[RAW DATA]
definition tensor_with_conj :: "('a \<Rightarrow> complex) set \<Rightarrow> ('a \<times> 'a \<Rightarrow> complex) set" where
  "tensor_with_conj V = cspan {tensor_conj v w | v w. v \<in> V \<and> w \<in> V}"

end

theory Submission
  imports Defs "HOL-Analysis.Analysis"
begin

text \<open>In coordinates, id \<otimes> pi_op is the partial transpose on the output factor. Since pi_op
  reverses products, the partial transpose turns the product of O^op-valued matrices into the
  ordinary matrix product and the involution into the conjugate transpose. Writing A for the
  conjugate transpose of the partially transposed W, the image of W^* L(E) W is therefore the set
  of all A Y A^*, and the image of C_\<Phi> = W^* W is A A^*, whose range V equals that of A. Finally
  A Y A^* = \<Sum> Y_ab (A e_a) \<otimes> conj (A e_b) under the Hilbert space identification, and the
  columns A e_a span V, so these operators fill out exactly V \<otimes> conj V.\<close>

definition mat_vec :: "('r \<Rightarrow> 'c::finite \<Rightarrow> complex) \<Rightarrow> ('c \<Rightarrow> complex) \<Rightarrow> 'r \<Rightarrow> complex" where
  "mat_vec M v = (\<lambda>r. \<Sum>c\<in>UNIV. M r c * v c)"

definition mat_mult :: "('r \<Rightarrow> 'k::finite \<Rightarrow> complex) \<Rightarrow> ('k \<Rightarrow> 'c \<Rightarrow> complex) \<Rightarrow> 'r \<Rightarrow> 'c \<Rightarrow> complex" where
  "mat_mult X Y = (\<lambda>r c. \<Sum>k\<in>UNIV. X r k * Y k c)"

definition conj_transpose :: "('r \<Rightarrow> 'c \<Rightarrow> complex) \<Rightarrow> 'c \<Rightarrow> 'r \<Rightarrow> complex" where
  "conj_transpose M = (\<lambda>r c. cnj (M c r))"

definition cinner :: "('k::finite \<Rightarrow> complex) \<Rightarrow> ('k \<Rightarrow> complex) \<Rightarrow> complex" where
  "cinner z w = (\<Sum>t\<in>UNIV. cnj (z t) * w t)"

definition sandwich :: "('r \<Rightarrow> 'k::finite \<Rightarrow> complex) \<Rightarrow> ('k \<Rightarrow> 'k \<Rightarrow> complex) \<Rightarrow> 'r \<Rightarrow> 'r \<Rightarrow> complex" where
  "sandwich A Y = mat_mult (mat_mult A Y) (conj_transpose A)"

definition partial_transpose :: "('a \<times> 'o \<Rightarrow> 'b \<times> 'o \<Rightarrow> complex) \<Rightarrow> 'a \<times> 'o \<Rightarrow> 'b \<times> 'o \<Rightarrow> complex" where
  "partial_transpose x = (\<lambda>(i, p) (j, q). x (i, q) (j, p))"

lemma conj_transpose_conj_transpose [simp]: "conj_transpose (conj_transpose M) = M"
  by (simp add: conj_transpose_def)

lemma mat_vec_mat_mult: "mat_vec (mat_mult X Y) v = mat_vec X (mat_vec Y v)"
proof
  fix r
  have "mat_vec (mat_mult X Y) v r = (\<Sum>c\<in>UNIV. \<Sum>k\<in>UNIV. X r k * Y k c * v c)"
    unfolding mat_vec_def mat_mult_def by (simp add: sum_distrib_right)
  also have "\<dots> = (\<Sum>k\<in>UNIV. \<Sum>c\<in>UNIV. X r k * Y k c * v c)"
    by (rule sum.swap)
  also have "\<dots> = mat_vec X (mat_vec Y v) r"
    unfolding mat_vec_def by (simp add: sum_distrib_left mult.assoc)
  finally show "mat_vec (mat_mult X Y) v r = mat_vec X (mat_vec Y v) r" .
qed

lemma range_mat_vec_mat_mult_subset: "range (mat_vec (mat_mult X Y)) \<subseteq> range (mat_vec X)"
  by (auto simp: mat_vec_mat_mult)

lemma cinner_mat_vec_adjoint:
  "cinner z (mat_vec A y) = cinner (mat_vec (conj_transpose A) z) y"
proof -
  have "cinner z (mat_vec A y) = (\<Sum>t\<in>UNIV. \<Sum>k\<in>UNIV. cnj (z t) * A t k * y k)"
    unfolding cinner_def mat_vec_def by (simp add: sum_distrib_left mult.assoc)
  also have "\<dots> = (\<Sum>k\<in>UNIV. \<Sum>t\<in>UNIV. cnj (z t) * A t k * y k)"
    by (rule sum.swap)
  also have "\<dots> = cinner (mat_vec (conj_transpose A) z) y"
    unfolding cinner_def mat_vec_def conj_transpose_def
    by (simp add: sum_distrib_left sum_distrib_right ac_simps)
  finally show ?thesis .
qed

lemma cinner_self_Re_eq_0:
  assumes "Re (cinner q q) = 0"
  shows "q = (\<lambda>_. 0)"
proof -
  have "(\<Sum>k\<in>UNIV. (Re (q k))\<^sup>2 + (Im (q k))\<^sup>2) = 0"
    using assms by (simp add: cinner_def Re_sum power2_eq_square)
  then have "\<forall>k. (Re (q k))\<^sup>2 + (Im (q k))\<^sup>2 = 0"
    by (subst (asm) sum_nonneg_eq_0_iff) auto
  then show ?thesis
    by (auto simp: fun_eq_iff complex_eq_iff)
qed

lemma range_mat_vec_closed:
  "(\<lambda>_. 0) \<in> range (mat_vec M)"
  "a \<in> range (mat_vec M) \<Longrightarrow> b \<in> range (mat_vec M) \<Longrightarrow> (\<lambda>t. a t + b t) \<in> range (mat_vec M)"
  "a \<in> range (mat_vec M) \<Longrightarrow> (\<lambda>t. c * a t) \<in> range (mat_vec M)"
proof -
  show "(\<lambda>_. 0) \<in> range (mat_vec M)"
    by (rule range_eqI[of _ _ "\<lambda>_. 0"]) (simp add: mat_vec_def)
next
  assume "a \<in> range (mat_vec M)" "b \<in> range (mat_vec M)"
  then obtain u v where "a = mat_vec M u" "b = mat_vec M v" by auto
  then show "(\<lambda>t. a t + b t) \<in> range (mat_vec M)"
    by (intro range_eqI[of _ _ "\<lambda>c. u c + v c"])
      (simp add: mat_vec_def distrib_left sum.distrib)
next
  assume "a \<in> range (mat_vec M)"
  then obtain u where "a = mat_vec M u" by auto
  then show "(\<lambda>t. c * a t) \<in> range (mat_vec M)"
    by (intro range_eqI[of _ _ "\<lambda>k. c * u k"])
      (simp add: mat_vec_def sum_distrib_left mult.left_commute)
qed

text \<open>The real inner product of the Euclidean space \<open>complex^'n\<close> is \<open>Re \<circ> cinner\<close>, so the
  projection theorem of HOL-Analysis applies.\<close>
lemma orthogonal_decomposition:
  fixes R :: "('n::finite \<Rightarrow> complex) set"
  assumes zero: "(\<lambda>_. 0) \<in> R"
    and add: "\<And>a b. a \<in> R \<Longrightarrow> b \<in> R \<Longrightarrow> (\<lambda>t. a t + b t) \<in> R"
    and scale: "\<And>c a. a \<in> R \<Longrightarrow> (\<lambda>t. c * a t) \<in> R"
  obtains u z where "u \<in> R" "x = (\<lambda>t. u t + z t)" "\<And>w. w \<in> R \<Longrightarrow> Re (cinner z w) = 0"
proof -
  let ?S = "(vec_lambda :: ('n \<Rightarrow> complex) \<Rightarrow> complex^'n) ` R"
  have "subspace ?S"
    unfolding subspace_def
  proof (intro conjI ballI allI)
    show "0 \<in> ?S"
      using zero by (force simp: vec_eq_iff)
    fix a b assume "a \<in> ?S" "b \<in> ?S"
    then obtain a' b' where "a' \<in> R" "b' \<in> R" "a = vec_lambda a'" "b = vec_lambda b'" by auto
    then show "a + b \<in> ?S"
      using add[of a' b'] by (force simp: vec_eq_iff intro!: image_eqI[of _ _ "\<lambda>t. a' t + b' t"])
  next
    fix c :: real and a assume "a \<in> ?S"
    then obtain a' where "a' \<in> R" "a = vec_lambda a'" by auto
    then have "c *\<^sub>R a = vec_lambda (\<lambda>t. of_real c * a' t)"
      by (simp add: vec_eq_iff del: of_real_mult, simp add: scaleR_conv_of_real)
    then show "c *\<^sub>R a \<in> ?S"
      using scale[of a' "of_real c"] \<open>a' \<in> R\<close> by simp
  qed
  then have span_S: "span ?S = ?S"
    by (simp add: span_eq_iff)
  obtain y z where y: "y \<in> span ?S" and z: "\<And>w. w \<in> span ?S \<Longrightarrow> orthogonal z w"
    and xyz: "vec_lambda x = y + z"
    using orthogonal_subspace_decomp_exists[of ?S "vec_lambda x"] by metis
  from y span_S obtain u where u: "u \<in> R" "y = vec_lambda u" by auto
  show ?thesis
  proof
    show "u \<in> R" by fact
    show "x = (\<lambda>t. u t + z $ t)"
      using xyz u by (simp add: vec_eq_iff fun_eq_iff)
    fix w assume "w \<in> R"
    then have "orthogonal z (vec_lambda w)"
      using z span_S by auto
    then show "Re (cinner (\<lambda>t. z $ t) w) = 0"
      by (simp add: orthogonal_def inner_vec_def cinner_def Re_sum inner_complex_def)
  qed
qed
[/RAW DATA]
INSTRUCTIONS TO FOLLOW:
Copy all lines of the preceding data that hold the word "unfolding".

SOLUTION TO THE PROBLEM:
    unfolding mat_vec_def mat_mult_def by (simp add: sum_distrib_right)
    unfolding mat_vec_def by (simp add: sum_distrib_left mult.assoc)
    unfolding cinner_def mat_vec_def by (simp add: sum_distrib_left mult.assoc)
    unfolding cinner_def mat_vec_def conj_transpose_def
    unfolding subspace_def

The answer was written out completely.